Homeoffice auf dem Land
Milmersdorf in der brandenburgischen Uckermark liegt rund 60 Kilometer von der polnischen Grenze entfernt. Die Landstraße, die zum einst größten Betonwerk der DDR führt, schlängelt sich durch Felder und kleine Dörfer. Jens Enderling, den Chef, erreicht man am besten per Festnetztelefon.
Denn das Handynetz ist miserabel, die Internetverbindung ebenso. Enderling ist ein nüchterner Typ. Fragt man aber, ob er seine Mitarbeiter in diesen Zeiten nicht lieber ins Homeoffice schicken möchte, muss er erst einmal Luft holen und durchatmen.

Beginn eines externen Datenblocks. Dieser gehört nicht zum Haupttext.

text \<open>Orient every pair {k, l} towards the root by the breadth-first layers of the directed
  graph D (pairs the layers do not separate get a fixed default orientation). Then D splits
  into the undirected graph E of its inward edges and the graph c of its outward edges, and
  (E, c) determines D. An edge entering a layer from outside points inward, so D and E have
  the same layers: D is grounded iff E is connected. Since both orientations of {k, l} are
  present with the same probability p_kl, the split maps the law of the random digraph to
  that of two independent copies of the random graph.\<close>

lemma map_pmf_eq_if_bij_betw:
  assumes bij: "bij_betw f A B" and "set_pmf M \<subseteq> A" "set_pmf N \<subseteq> B"
    and pmf_eq: "\<And>x. x \<in> A \<Longrightarrow> pmf N (f x) = pmf M x"
  shows "map_pmf f M = N"
proof (rule pmf_eqI)
  fix y
  show "pmf (map_pmf f M) y = pmf N y"
  proof (cases "y \<in> B")
    case True
    then obtain x where x: "x \<in> A" "y = f x"
      using bij by (auto simp: bij_betw_def)
    have "f -` {y} \<inter> A = {x}"
      using bij x by (auto simp: bij_betw_def inj_on_def)
    then have "measure_pmf.prob M (f -` {y}) = measure_pmf.prob M {x}"
      using \<open>set_pmf M \<subseteq> A\<close> by (intro measure_prob_cong_0) (auto simp: set_pmf_eq)
    then show ?thesis
      using x pmf_eq by (simp add: pmf_map measure_pmf_single)
  next
    case False
    have "f -` {y} \<inter> A = {}"
      using bij False by (auto simp: bij_betw_def)
    then have "measure_pmf.prob M (f -` {y}) = 0"
      using \<open>set_pmf M \<subseteq> A\<close> by (subst measure_pmf_zero_iff) blast
    moreover have "pmf N y = 0"
      using False \<open>set_pmf N \<subseteq> B\<close> by (auto simp: set_pmf_eq)
    ultimately show ?thesis
      by (simp add: pmf_map)
  qed
qed

fun reach_layer :: "'a rel \<Rightarrow> 'a \<Rightarrow> nat \<Rightarrow> 'a set" where
  "reach_layer R r 0 = {r}"
| "reach_layer R r (Suc k) = reach_layer R r k \<union> {w. \<exists>s\<in>reach_layer R r k. (w, s) \<in> R}"

lemma reach_layer_Suc_mono: "reach_layer R r k \<subseteq> reach_layer R r (Suc k)"
  by auto
(* Let $\tilde F:\mathbb C^6\to\mathbb C^6$ be a homogeneous (polynomial, degree $p$) vector field equivariant with respect to the $[4,8]$ representation of $\Gamma=D_4\dot+T^2$. Then there exists an $\mathcal E(2)$-equivariant polynomial vector field $\mathcal F$ of degree $p$ on $E_\kappa$ with $\tilde F=\mathcal F|_{E^c}$ if and only if for every $\theta\in\mathbb R$, $R_\theta\tilde F(\Phi)=\tilde F(R_\theta\Phi)$ for all $\Phi\in E^c$ with $R_\theta\Phi\in E^c$.
   Context: Integers $l_1>l_2>n_2>0$ with $\kappa^2=l_1^2=l_2^2+n_2^2$; $A(\kappa)=\{k:|k|=\kappa\}$, $E_\kappa$ = space of $a:A(\kappa)\to\mathbb C$ with $\sum|a(k)|<\infty$. Wave vectors $q_1=(l_1,0)$, $q_2=(0,l_1)$, $p_1=(l_2,n_2)$, $p_2=(l_2,-n_2)$, $p_3=(n_2,l_2)$, $p_4=(n_2,-l_2)$, $\tilde A=\{\pm q_i,\pm p_j\}$; $E^c\subset E_\kappa$ is the real space of $a$ supported in $\tilde A$ with $a(-k)=\overline{a(k)}$, identified with $\mathbb C^6$ via $z_i=a(q_i)$, $w_j=a(p_j)$. $\mathcal E(2)$ acts by $(\gamma a)(k)=a(\gamma^{-1}k)$ ($\gamma\in O(2)$) and $(T_{s,t}a)(k)=e^{-i(sk_x+tk_y)}a(k)$; $R_\theta$ is counterclockwise rotation; $\Gamma$ is generated by $\gamma_1(x,y)=(-x,y)$, $\gamma_2(x,y)=(y,x)$ and $T_{s,t}$ with $(s,t)\in(\mathbb R/2\pi\mathbb Z)^2$, which preserve $E^c$. An $\mathcal E(2)$-equivariant polynomial vector field of degree $p$ on $E_\kappa$ is a map on finitely supported $a$ of the form $\mathcal F(a)(k)=\sum_{k_1,\dots,k_p\in A(\kappa)}P(k,k_1,\dots,k_p)a(k_1)\cdots a(k_p)$ (finitely many nonzero terms) commuting with all of $\mathcal E(2)$. *)

theory Defs
  imports "HOL-Analysis.Analysis"
begin

(* Wave vectors live in the plane R^2 = real^2; a field a : A(kappa) -> C is
   represented as a function real^2 => complex vanishing off A(kappa). *)
type_synonym field = "real^2 \<Rightarrow> complex"

definition circ :: "real \<Rightarrow> (real^2) set" where
  "circ \<kappa> = {k. norm k = \<kappa>}"

definition supp :: "field \<Rightarrow> (real^2) set" where
  "supp a = {k. a k \<noteq> 0}"

definition finsupp :: "real \<Rightarrow> field \<Rightarrow> bool" where
  "finsupp \<kappa> a \<longleftrightarrow> finite (supp a) \<and> supp a \<subseteq> circ \<kappa>"

definition act :: "(real^2 \<Rightarrow> real^2) \<Rightarrow> field \<Rightarrow> field" where
  "act g a = (\<lambda>k. a (inv g k))"

definition transl :: "real \<Rightarrow> real \<Rightarrow> field \<Rightarrow> field" where
  "transl s t a = (\<lambda>k. exp (- \<i> * complex_of_real (s * k$1 + t * k$2)) * a k)"

definition rot :: "real \<Rightarrow> real^2 \<Rightarrow> real^2" where
  "rot \<theta> k = vector [cos \<theta> * k$1 - sin \<theta> * k$2, sin \<theta> * k$1 + cos \<theta> * k$2]"

definition gamma1 :: "real^2 \<Rightarrow> real^2" where
  "gamma1 k = vector [- k$1, k$2]"

definition gamma2 :: "real^2 \<Rightarrow> real^2" where
  "gamma2 k = vector [k$2, k$1]"

(* polynomial vector field of degree p on E_kappa (defined on finitely supported a):
   F(a)(k) = sum_{k_1..k_p in A(kappa)} P(k,k_1,..,k_p) a(k_1)...a(k_p);
   for finitely supported a only tuples in supp a contribute. *)
definition poly_vf :: "real \<Rightarrow> nat \<Rightarrow> (field \<Rightarrow> field) \<Rightarrow> bool" where
  "poly_vf \<kappa> p F \<longleftrightarrow> (\<exists>P :: real^2 \<Rightarrow> (real^2) list \<Rightarrow> complex.
     \<forall>a. finsupp \<kappa> a \<longrightarrow>
       F a = (\<lambda>k. if k \<in> circ \<kappa> then
                  (\<Sum>ks\<in>{ks. length ks = p \<and> set ks \<subseteq> supp a}. P k ks * prod_list (map a ks))
                else 0))"

definition E2_equivariant :: "real \<Rightarrow> (field \<Rightarrow> field) \<Rightarrow> bool" where
  "E2_equivariant \<kappa> F \<longleftrightarrow> (\<forall>a. finsupp \<kappa> a \<longrightarrow>
      (\<forall>g. orthogonal_transformation g \<longrightarrow> F (act g a) = act g (F a)) \<and>
      (\<forall>s t. F (transl s t a) = transl s t (F a)))"

(* the six wave vectors q1 q2 p1 p2 p3 p4 *)
definition wvec :: "int \<Rightarrow> int \<Rightarrow> int \<Rightarrow> 6 \<Rightarrow> real^2" where
  "wvec l1 l2 n2 i =
     (if i = 1 then vector [real_of_int l1, 0]
      else if i = 2 then vector [0, real_of_int l1]
      else if i = 3 then vector [real_of_int l2, real_of_int n2]
      else if i = 4 then vector [real_of_int l2, - real_of_int n2]
      else if i = 5 then vector [real_of_int n2, real_of_int l2]
      else vector [real_of_int n2, - real_of_int l2])"

definition Ec :: "int \<Rightarrow> int \<Rightarrow> int \<Rightarrow> field set" where
  "Ec l1 l2 n2 = {a. (\<forall>k. a k \<noteq> 0 \<longrightarrow> k \<in> range (wvec l1 l2 n2) \<union> uminus ` range (wvec l1 l2 n2))
                   \<and> (\<forall>k. a (- k) = cnj (a k))}"

(* identification E^c = C^6 : z_i = a(q_i), w_j = a(p_j) *)
definition coords :: "int \<Rightarrow> int \<Rightarrow> int \<Rightarrow> field \<Rightarrow> complex^6" where
  "coords l1 l2 n2 a = (\<chi> i. a (wvec l1 l2 n2 i))"

definition embed :: "int \<Rightarrow> int \<Rightarrow> int \<Rightarrow> complex^6 \<Rightarrow> field" where
  "embed l1 l2 n2 x = (\<lambda>k. \<Sum>i\<in>UNIV.
      (if k = wvec l1 l2 n2 i then x$i else 0) + (if k = - wvec l1 l2 n2 i then cnj (x$i) else 0))"

(* homogeneous polynomial map of degree p on C^n (as a real space): polynomial in z, conj z *)
definition hom_poly_map :: "nat \<Rightarrow> (complex^'n \<Rightarrow> complex^'n) \<Rightarrow> bool" where
  "hom_poly_map p G \<longleftrightarrow> (\<exists>c :: ('n \<Rightarrow> nat) \<Rightarrow> ('n \<Rightarrow> nat) \<Rightarrow> complex^'n.
     \<forall>x. G x = (\<Sum>(\<alpha>,\<beta>)\<in>{(\<alpha>,\<beta>). (\<Sum>i\<in>UNIV. \<alpha> i) + (\<Sum>i\<in>UNIV. \<beta> i) = p}.
                   (\<Prod>i\<in>UNIV. x$i ^ \<alpha> i * cnj (x$i) ^ \<beta> i) *s c \<alpha> \<beta>))"

(* equivariance w.r.t. the [4,8] representation of Gamma = D4 +. T^2 on C^6 = E^c,
   i.e. commuting with the generators gamma1, gamma2, T_{s,t} *)
definition Gamma_equivariant :: "int \<Rightarrow> int \<Rightarrow> int \<Rightarrow> (complex^6 \<Rightarrow> complex^6) \<Rightarrow> bool" where
  "Gamma_equivariant l1 l2 n2 G \<longleftrightarrow>
     (\<forall>x. (\<forall>g\<in>{gamma1, gamma2}.
              G (coords l1 l2 n2 (act g (embed l1 l2 n2 x))) = coords l1 l2 n2 (act g (embed l1 l2 n2 (G x))))
          \<and> (\<forall>s t. G (coords l1 l2 n2 (transl s t (embed l1 l2 n2 x)))
                     = coords l1 l2 n2 (transl s t (embed l1 l2 n2 (G x)))))"

end

theory Submission
  imports Defs
begin
lemma dep_fun_nonneg:
  assumes "prob_space M" and "0 < joint_cdf M Z us zs"
  shows "0 \<le> dep_fun M Z us zs"
proof -
  have "joint_cdf M Z us zs \<le> 1"
    unfolding joint_cdf_def using prob_space.prob_le_1[OF assms(1)] by blast
  with assms(2) show ?thesis by (simp add: dep_fun_def)
qed

lemma joint_cdf_ray_eq_powr:
  assumes "max_stable_frechet M Z" and "\<And>i. i < length us \<Longrightarrow> 0 < zs i"
    and "0 < u" and "u < 1"
  shows "joint_cdf M Z us (\<lambda>i. zs i / - ln u) = u powr dep_fun M Z us zs"
proof -
  have L: "0 < 1 / - ln u" using assms(3,4) by simp
  have "0 < joint_cdf M Z us (\<lambda>i. (1 / - ln u) * zs i)"
    using assms(2) L by (intro max_stable_frechet_joint_cdf_pos[OF assms(1)] mult_pos_pos)
  then have "joint_cdf M Z us (\<lambda>i. zs i / - ln u) = exp (- dep_fun M Z us (\<lambda>i. (1 / - ln u) * zs i))"
    by (simp add: dep_fun_def)
  also have "\<dots> = u powr dep_fun M Z us zs"
    using max_stable_frechet_dep_fun_homogeneous[OF assms(1,2) L] assms(3)
    by (simp add: powr_def)
  finally show ?thesis .
qed

lemma prob_frechet_powr_field_max_le:
  assumes "max_stable_frechet M Z" and "us \<noteq> []" and "0 < a" and "0 < u" and "u < 1"
  shows "measure M {\<omega>\<in>space M. frechet_cdf (field_max Z us \<omega>) powr a \<le> u}
         = u powr (dep_fun M Z us (\<lambda>_. 1) / a)"
proof -
  have "{\<omega>\<in>space M. frechet_cdf (field_max Z us \<omega>) powr a \<le> u}
        = {\<omega>\<in>space M. \<forall>i<length us. Z (us ! i) \<omega> \<le> a / - ln u}"
    using assms by (simp add: frechet_cdf_powr_le_iff field_max_le_iff all_set_conv_all_nth)
  then have "measure M {\<omega>\<in>space M. frechet_cdf (field_max Z us \<omega>) powr a \<le> u}
             = joint_cdf M Z us (\<lambda>_. a / - ln u)"
    by (simp add: joint_cdf_def)
  also have "\<dots> = u powr dep_fun M Z us (\<lambda>_. a)"
    using assms by (intro joint_cdf_ray_eq_powr) auto
  also have "dep_fun M Z us (\<lambda>_. a) = dep_fun M Z us (\<lambda>_. 1) / a"
    using max_stable_frechet_dep_fun_homogeneous[OF assms(1), of us "\<lambda>_. 1" a] assms(3) by simp
  finally show ?thesis .
qed

lemma prob_max_frechet_powr_field_max_le:
  assumes "max_stable_frechet M Z" and "xs \<noteq> []" and "ys \<noteq> []"
    and "0 < a" and "0 < b" and "0 < u" and "u < 1"
  shows "measure M {\<omega>\<in>space M. max (frechet_cdf (field_max Z xs \<omega>) powr a)
                                    (frechet_cdf (field_max Z ys \<omega>) powr b) \<le> u}
         = u powr dep_fun M Z (xs @ ys) (\<lambda>i. if i < length xs then a else b)"
proof -
  define zs where "zs = (\<lambda>i. if i < length xs then a else b)"
  have "{\<omega>\<in>space M. max (frechet_cdf (field_max Z xs \<omega>) powr a)
                        (frechet_cdf (field_max Z ys \<omega>) powr b) \<le> u}
        = {\<omega>\<in>space M. \<forall>i<length (xs @ ys). Z ((xs @ ys) ! i) \<omega> \<le> zs i / - ln u}"
    using assms all_nth_append_if_iff[where P = "\<lambda>v c. Z v _ \<le> c / - ln u"]
    by (simp add: zs_def frechet_cdf_powr_le_iff field_max_le_iff)
  then have "measure M {\<omega>\<in>space M. max (frechet_cdf (field_max Z xs \<omega>) powr a)
                                       (frechet_cdf (field_max Z ys \<omega>) powr b) \<le> u}
             = joint_cdf M Z (xs @ ys) (\<lambda>i. zs i / - ln u)"
    by (simp add: joint_cdf_def)
  also have "\<dots> = u powr dep_fun M Z (xs @ ys) zs"
    using assms by (intro joint_cdf_ray_eq_powr) (auto simp: zs_def)
  finally show ?thesis unfolding zs_def .
qed

lemma (in prob_space) integrable_frechet_powr_field_max:
  assumes "\<And>u. Z u \<in> borel_measurable M" and "0 \<le> a"
  shows "integrable M (\<lambda>\<omega>. frechet_cdf (field_max Z us \<omega>) powr a)"
  using assms frechet_cdf_powr_bounds[OF assms(2)]
  by (intro integrable_const_bound[where B = 1]) auto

Notwendigkeit des schnellen Internets wurde nicht erkannt
"Das würde nicht funktionieren. Ich müsste dann aufhören zu produzieren", sagt er. Denn das Netz ist in den umliegenden Dörfern, in denen seine Mitarbeiter wohnen, noch schlechter als im Werk. Ausnahme: die polnischen Kollegen im benachbarten Stettin. Da läuft es.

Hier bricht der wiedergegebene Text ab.